In two previous posts, When Developers and Testers Collide and Defending Your Position, we discussed the challenge Agile teams may have when shifting testing activities from a period of time after development is finished to become a collaborative activity occurring as close to the point of development as possible while the team is working in a timebox or sprint.
For many organizations, this experience of bringing testers and developers together during an Agile transformation can be a bit turbulent. The techniques, practices, and communication methods from previous methodologies create a resistance for the well-intended quality message coming into the team from a tester.
So, how can we make this transition smoother? Let’s walk through a typical sprint example and highlight a few key areas to focus on.
Testers are performing two activities:
1 – Writing Test Scenarios. Early in the sprint, testers are spending much of their time authoring test scenarios (or test cases) to meet the acceptance criteria for each story. This activity will begin to taper throughout the sprint.
2 – Running Test Scenarios. If testers are performing manual testing, they will begin to ramp up the execution of their test scenarios as development of the user stories increases. If automated testing is being performed, testers (or test engineers) will begin to create and run their scripts. For both testing approaches, the target is to complete them by the end of the sprint.
Throughout the sprint while they are performing both activities, testers should be infusing the team with conversation about quality and craftsmanship. Here are a few starting points to begin introducing these conversations:
A. During the planning session. The conversations should be centered around the acceptance criteria for each user story. A team should never leave a planning session without complete team alignment about what is to be built and tested for each user story.
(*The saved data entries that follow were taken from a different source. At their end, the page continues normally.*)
(* Let $\mathcal{JF}=(\mathcal F,\mathcal F_d,R)$ be a complementary justification frame and $x\in\mathcal F_d$. If $\tau$ is a positional strategy for player $F$ in $G_{\mathcal{JF}}$, then $J_\tau(x)$ (the play graph of $\tau$ in $x$ with rule symbols filtered out and every label $y$ replaced by $\sim y$) is a connected, locally complete graph-like justification in $\mathcal{JF}$ with $\sim x$ as a root. If $\tau$ is a general strategy for $F$, then $J_\tau(x)$ (obtained in the same way from the play tree of $\tau$ in $x$) is a connected, locally complete tree-like justification in $\mathcal{JF}$ with $\sim x$ as a root.
   Context: Let $\mathcal F$ be a set (fact space) containing $\mathcal L=\{\mathbf t,\mathbf f,\mathbf u\}$ with an involution $\sim$ satisfying $\sim\mathbf t=\mathbf f$, $\sim\mathbf u=\mathbf u$, $\sim x\ne x$ for $x\ne\mathbf u$; $\sim A=\{\sim a:a\in A\}$. A justification frame is $\mathcal{JF}=(\mathcal F,\mathcal F_d,R)$ where $\mathcal F_d\subseteq\mathcal F$ satisfies $\sim\mathcal F_d=\mathcal F_d$, $\mathcal F_d\cap\mathcal L=\emptyset$, and $R\subseteq\mathcal F_d\times2^{\mathcal F}$ is a set of rules $x\gets A$ with nonempty bodies such that every $x\in\mathcal F_d$ heads a rule; $\mathcal F_o=\mathcal F\setminus\mathcal F_d$. A selection function for $x\in\mathcal F_d$ assigns to every body $A$ of a rule $x\gets A$ an element $s(A)\in A$; $\mathrm{Im}(s)$ is its image. $R^*$ is the set of all rules $\sim x\gets\sim\mathrm{Im}(s)$ with $x\in\mathcal F_d$ and $s$ a selection function for $x$. The frame is complementary if $R^*=R$. A justification in $\mathcal{JF}$ is a directed graph $(N,E)$ with labelling $\ell:N\to\mathcal F$ such that each internal node $n$ (node with an outgoing edge) has $\ell(n)\in\mathcal F_d$ and $\ell(n)\gets\{\ell(m):(n,m)\in E\}\in R$; graph-like if $\ell$ is injective; tree-like if its underlying undirected graph is acyclic; locally complete if no leaf is labelled by a defined fact; connected if its underlying undirected graph is connected; $y$ is a root if some node labelled $y$ reaches every node. Game graph $G_{\mathcal{JF}}$: states $S_T=\mathcal F$ (owned by $T$) and $S_F=\{r_{x\gets A}:x\gets A\in R\}$ (owned by $F$), edges $(x,r_{x\gets A})$ and $(r_{x\gets A},y)$ for every rule $x\gets A$, $y\in A$. A general strategy for $P\in\{T,F\}$ maps each finite path whose last state $s\in S_P$ has an outgoing edge to an outgoing edge of $s$; a positional strategy depends only on the last state. A path $s_0s_1\cdots$ is consistent with a strategy $\rho$ of $P$ if $\rho(s_0\cdots s_i)=(s_i,s_{i+1})$ whenever $s_i\in S_P$ and $s_{i+1}$ exists. The play tree of a general strategy $\rho$ in $x$ has as nodes the finite paths from $x$ consistent with $\rho$, labelled by their last state, with edges to one-step extensions; the play graph of a positional $\rho$ in $x$ is the subgraph of $G_{\mathcal{JF}}$ of states and edges on paths from $x$ consistent with $\rho$. Filtering out rule symbols: delete rule-symbol nodes and add an edge $(n,m)$ whenever $(n,k),(k,m)$ were edges with $k$ a rule-symbol node. *)

theory Defs
  imports Main
begin

text \<open>The fact space is the universe of the type 'f. The involution is neg,
  the logical facts are tt, ff, uu.\<close>

definition fact_space_ok :: "('f \<Rightarrow> 'f) \<Rightarrow> 'f \<Rightarrow> 'f \<Rightarrow> 'f \<Rightarrow> bool" where
  "fact_space_ok neg tt ff uu \<longleftrightarrow>
     distinct [tt, ff, uu] \<and> (\<forall>x. neg (neg x) = x) \<and>
     neg tt = ff \<and> neg uu = uu \<and> (\<forall>x. x \<noteq> uu \<longrightarrow> neg x \<noteq> x)"

definition justification_frame ::
  "('f \<Rightarrow> 'f) \<Rightarrow> 'f \<Rightarrow> 'f \<Rightarrow> 'f \<Rightarrow> 'f set \<Rightarrow> ('f \<times> 'f set) set \<Rightarrow> bool" where
  "justification_frame neg tt ff uu Fd R \<longleftrightarrow>
     fact_space_ok neg tt ff uu \<and>
     neg ` Fd = Fd \<and> Fd \<inter> {tt, ff, uu} = {} \<and>
     (\<forall>(x, A) \<in> R. x \<in> Fd \<and> A \<noteq> {}) \<and>
     (\<forall>x \<in> Fd. \<exists>A. (x, A) \<in> R)"

definition selection_fun :: "('f \<times> 'f set) set \<Rightarrow> 'f \<Rightarrow> ('f set \<Rightarrow> 'f) \<Rightarrow> bool" where
  "selection_fun R x s \<longleftrightarrow> (\<forall>A. (x, A) \<in> R \<longrightarrow> s A \<in> A)"

definition sel_image :: "('f \<times> 'f set) set \<Rightarrow> 'f \<Rightarrow> ('f set \<Rightarrow> 'f) \<Rightarrow> 'f set" where
  "sel_image R x s = s ` {A. (x, A) \<in> R}"

definition Rstar :: "('f \<Rightarrow> 'f) \<Rightarrow> 'f set \<Rightarrow> ('f \<times> 'f set) set \<Rightarrow> ('f \<times> 'f set) set" where
  "Rstar neg Fd R = {(neg x, neg ` sel_image R x s) | x s. x \<in> Fd \<and> selection_fun R x s}"

definition complementary :: "('f \<Rightarrow> 'f) \<Rightarrow> 'f set \<Rightarrow> ('f \<times> 'f set) set \<Rightarrow> bool" where
  "complementary neg Fd R \<longleftrightarrow> Rstar neg Fd R = R"

definition is_justification ::
  "'f set \<Rightarrow> ('f \<times> 'f set) set \<Rightarrow> 'n set \<Rightarrow> ('n \<times> 'n) set \<Rightarrow> ('n \<Rightarrow> 'f) \<Rightarrow> bool" where
  "is_justification Fd R N E lab \<longleftrightarrow>
     E \<subseteq> N \<times> N \<and>
     (\<forall>n \<in> N. (\<exists>m. (n, m) \<in> E) \<longrightarrow>
        lab n \<in> Fd \<and> (lab n, {lab m | m. (n, m) \<in> E}) \<in> R)"

definition graph_like :: "'n set \<Rightarrow> ('n \<Rightarrow> 'f) \<Rightarrow> bool" where
  "graph_like N lab \<longleftrightarrow> inj_on lab N"

definition uadj :: "('n \<times> 'n) set \<Rightarrow> 'n \<Rightarrow> 'n \<Rightarrow> bool" where
  "uadj E n m \<longleftrightarrow> (n, m) \<in> E \<or> (m, n) \<in> E"

definition tree_like :: "'n set \<Rightarrow> ('n \<times> 'n) set \<Rightarrow> bool" where
  "tree_like N E \<longleftrightarrow>
     (\<forall>n. (n, n) \<notin> E) \<and>
     \<not> (\<exists>cs. length cs \<ge> 3 \<and> distinct cs \<and> set cs \<subseteq> N \<and>
            (\<forall>i < length cs. uadj E (cs ! i) (cs ! ((i + 1) mod length cs))))"

definition locally_complete :: "'f set \<Rightarrow> 'n set \<Rightarrow> ('n \<times> 'n) set \<Rightarrow> ('n \<Rightarrow> 'f) \<Rightarrow> bool" where
  "locally_complete Fd N E lab \<longleftrightarrow> (\<forall>n \<in> N. (\<nexists>m. (n, m) \<in> E) \<longrightarrow> lab n \<notin> Fd)"

definition connected_just :: "'n set \<Rightarrow> ('n \<times> 'n) set \<Rightarrow> bool" where
  "connected_just N E \<longleftrightarrow> (\<forall>n \<in> N. \<forall>m \<in> N. (n, m) \<in> (E \<union> E\<inverse>)\<^sup>*)"

definition is_root :: "'n set \<Rightarrow> ('n \<times> 'n) set \<Rightarrow> ('n \<Rightarrow> 'f) \<Rightarrow> 'f \<Rightarrow> bool" where
  "is_root N E lab y \<longleftrightarrow> (\<exists>n \<in> N. lab n = y \<and> (\<forall>m \<in> N. (n, m) \<in> E\<^sup>*))"

datatype 'f gstate = FactS 'f | RuleS 'f "'f set"

fun is_fact :: "'f gstate \<Rightarrow> bool" where
  "is_fact (FactS _) = True"
| "is_fact (RuleS _ _) = False"

fun fact_of :: "'f gstate \<Rightarrow> 'f" where
  "fact_of (FactS y) = y"
| "fact_of (RuleS x _) = x"

definition game_edges :: "('f \<times> 'f set) set \<Rightarrow> ('f gstate \<times> 'f gstate) set" where
  "game_edges R =
     {(FactS x, RuleS x A) | x A. (x, A) \<in> R} \<union>
     {(RuleS x A, FactS y) | x A y. (x, A) \<in> R \<and> y \<in> A}"

text \<open>States owned by F: rule symbols of rules in R (states owned by T: all FactS y).\<close>
definition S_F :: "('f \<times> 'f set) set \<Rightarrow> 'f gstate set" where
  "S_F R = {RuleS x A | x A. (x, A) \<in> R}"

definition is_path :: "('f \<times> 'f set) set \<Rightarrow> 'f gstate list \<Rightarrow> bool" where
  "is_path R p \<longleftrightarrow> p \<noteq> [] \<and> (\<forall>i. Suc i < length p \<longrightarrow> (p ! i, p ! Suc i) \<in> game_edges R)"

definition general_strategy_F ::
  "('f \<times> 'f set) set \<Rightarrow> ('f gstate list \<Rightarrow> 'f gstate \<times> 'f gstate) \<Rightarrow> bool" where
  "general_strategy_F R \<rho> \<longleftrightarrow>
     (\<forall>p. is_path R p \<and> last p \<in> S_F R \<and> (\<exists>s. (last p, s) \<in> game_edges R) \<longrightarrow>
          \<rho> p \<in> game_edges R \<and> fst (\<rho> p) = last p)"

definition positional_strategy_F ::
  "('f \<times> 'f set) set \<Rightarrow> ('f gstate \<Rightarrow> 'f gstate \<times> 'f gstate) \<Rightarrow> bool" where
  "positional_strategy_F R \<tau> \<longleftrightarrow>
     (\<forall>s. s \<in> S_F R \<and> (\<exists>s'. (s, s') \<in> game_edges R) \<longrightarrow>
          \<tau> s \<in> game_edges R \<and> fst (\<tau> s) = s)"

definition consistent ::
  "('f \<times> 'f set) set \<Rightarrow> ('f gstate list \<Rightarrow> 'f gstate \<times> 'f gstate) \<Rightarrow> 'f gstate list \<Rightarrow> bool" where
  "consistent R \<rho> p \<longleftrightarrow> is_path R p \<and>
     (\<forall>i. Suc i < length p \<longrightarrow> p ! i \<in> S_F R \<longrightarrow> \<rho> (take (Suc i) p) = (p ! i, p ! Suc i))"

definition pos_as_general :: "('f gstate \<Rightarrow> 'f gstate \<times> 'f gstate) \<Rightarrow> 'f gstate list \<Rightarrow> 'f gstate \<times> 'f gstate" where
  "pos_as_general \<tau> = (\<lambda>p. \<tau> (last p))"

definition play_tree_nodes :: "('f \<times> 'f set) set \<Rightarrow> ('f gstate list \<Rightarrow> 'f gstate \<times> 'f gstate) \<Rightarrow> 'f \<Rightarrow> 'f gstate list set" where
  "play_tree_nodes R \<rho> x = {p. consistent R \<rho> p \<and> hd p = FactS x}"

definition play_tree_edges :: "('f \<times> 'f set) set \<Rightarrow> ('f gstate list \<Rightarrow> 'f gstate \<times> 'f gstate) \<Rightarrow> 'f \<Rightarrow> ('f gstate list \<times> 'f gstate list) set" where
  "play_tree_edges R \<rho> x = {(p, p @ [s]) | p s. p \<in> play_tree_nodes R \<rho> x \<and> p @ [s] \<in> play_tree_nodes R \<rho> x}"

definition play_graph_nodes :: "('f \<times> 'f set) set \<Rightarrow> ('f gstate \<Rightarrow> 'f gstate \<times> 'f gstate) \<Rightarrow> 'f \<Rightarrow> 'f gstate set" where
  "play_graph_nodes R \<tau> x = {s. \<exists>p. consistent R (pos_as_general \<tau>) p \<and> hd p = FactS x \<and> s \<in> set p}"

definition play_graph_edges :: "('f \<times> 'f set) set \<Rightarrow> ('f gstate \<Rightarrow> 'f gstate \<times> 'f gstate) \<Rightarrow> 'f \<Rightarrow> ('f gstate \<times> 'f gstate) set" where
  "play_graph_edges R \<tau> x = {(s, s') | s s'. \<exists>p i. consistent R (pos_as_general \<tau>) p \<and> hd p = FactS x \<and>
      Suc i < length p \<and> p ! i = s \<and> p ! Suc i = s'}"

definition filt_nodes :: "'n set \<Rightarrow> ('n \<Rightarrow> 'f gstate) \<Rightarrow> 'n set" where
  "filt_nodes N lab = {n \<in> N. is_fact (lab n)}"

definition filt_edges :: "'n set \<Rightarrow> ('n \<times> 'n) set \<Rightarrow> ('n \<Rightarrow> 'f gstate) \<Rightarrow> ('n \<times> 'n) set" where
  "filt_edges N E lab = {(n, m) | n m. n \<in> filt_nodes N lab \<and> m \<in> filt_nodes N lab \<and>
      (\<exists>k \<in> N. \<not> is_fact (lab k) \<and> (n, k) \<in> E \<and> (k, m) \<in> E)}"

definition J_label :: "('f \<Rightarrow> 'f) \<Rightarrow> ('n \<Rightarrow> 'f gstate) \<Rightarrow> 'n \<Rightarrow> 'f" where
  "J_label neg lab = (\<lambda>n. neg (fact_of (lab n)))"

definition J_pos_nodes where "J_pos_nodes R \<tau> x = filt_nodes (play_graph_nodes R \<tau> x) id"
definition J_pos_edges where "J_pos_edges R \<tau> x = filt_edges (play_graph_nodes R \<tau> x) (play_graph_edges R \<tau> x) id"
definition J_pos_label :: "('f \<Rightarrow> 'f) \<Rightarrow> 'f gstate \<Rightarrow> 'f" where "J_pos_label neg = J_label neg id"

definition J_gen_nodes where "J_gen_nodes R \<rho> x = filt_nodes (play_tree_nodes R \<rho> x) last"
definition J_gen_edges where "J_gen_edges R \<rho> x = filt_edges (play_tree_nodes R \<rho> x) (play_tree_edges R \<rho> x) last"
definition J_gen_label :: "('f \<Rightarrow> 'f) \<Rightarrow> 'f gstate list \<Rightarrow> 'f" where "J_gen_label neg = J_label neg last"

end

theory Submission
  imports Defs
begin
The voice of the tester must resonate at this time. This can be done by walking a team through The 5 Stages of User Story Sizing.
B. During test scenario authoring as stories are being developed. This is often the hardest conversation for the tester to introduce. For developers using Test Driven Development or considering their unit test approach, have the tester sit with the developer to discuss fringe cases and share past testing experiences from similar applications or environments. Having developers share their thought process as they begin coding is valuable input for the tester.
C. During test scenario execution as stories are nearing completion. As tests are being run, the tester should provide feedback to the developer with real-time communication. Based on these conversations, if something cannot be fixed right away a task can be added to the story and the task wall.
D. During the sprint review. The conversation about quality should be anchored around a “Definition of Done” or something similar such as “The Checklist Manifesto.” Any story not “done” will be withheld from the sprint review and introduced back into the backlog for future consideration. The temptation here is for the conversation to be “development is done so let’s go ahead and demo it” but the team must stay true to their commitments and each other.
E. During the retrospective. Open dialog around any gaps in quality should be introduced into the retrospective. This conversation should include identifying product-level gaps (what we created) and process-level gaps (how we created it).
If your team is struggling with quality and craftsmanship, start by focusing on these conversations as some (or all) may be missing or not robust enough to change the behavior of the team. As unpopular as it will be, the team may need to commit to fewer stories until these conversations become a natural part of team rhythm.
2 replies on “The Tester and Conversations About Quality”
Great overview, thanks Len. I think testers still will continue to struggle within projects where you may not have all the right resources with skills available in a timely manner – delays will likely occur due to competition for those scarce resources. For example, in my project my tester is “ready to go” but the environment is shared, used by and owned/operated by another team – they have their own agenda and timing which does not align with our timeline, hence delays and inefficiencies. It’s systtemic at the organization I’m in, so likely will not be able to change that mindset – all i can do as a scrum master is communicate and do what I can to remove those impediments of resource constraints.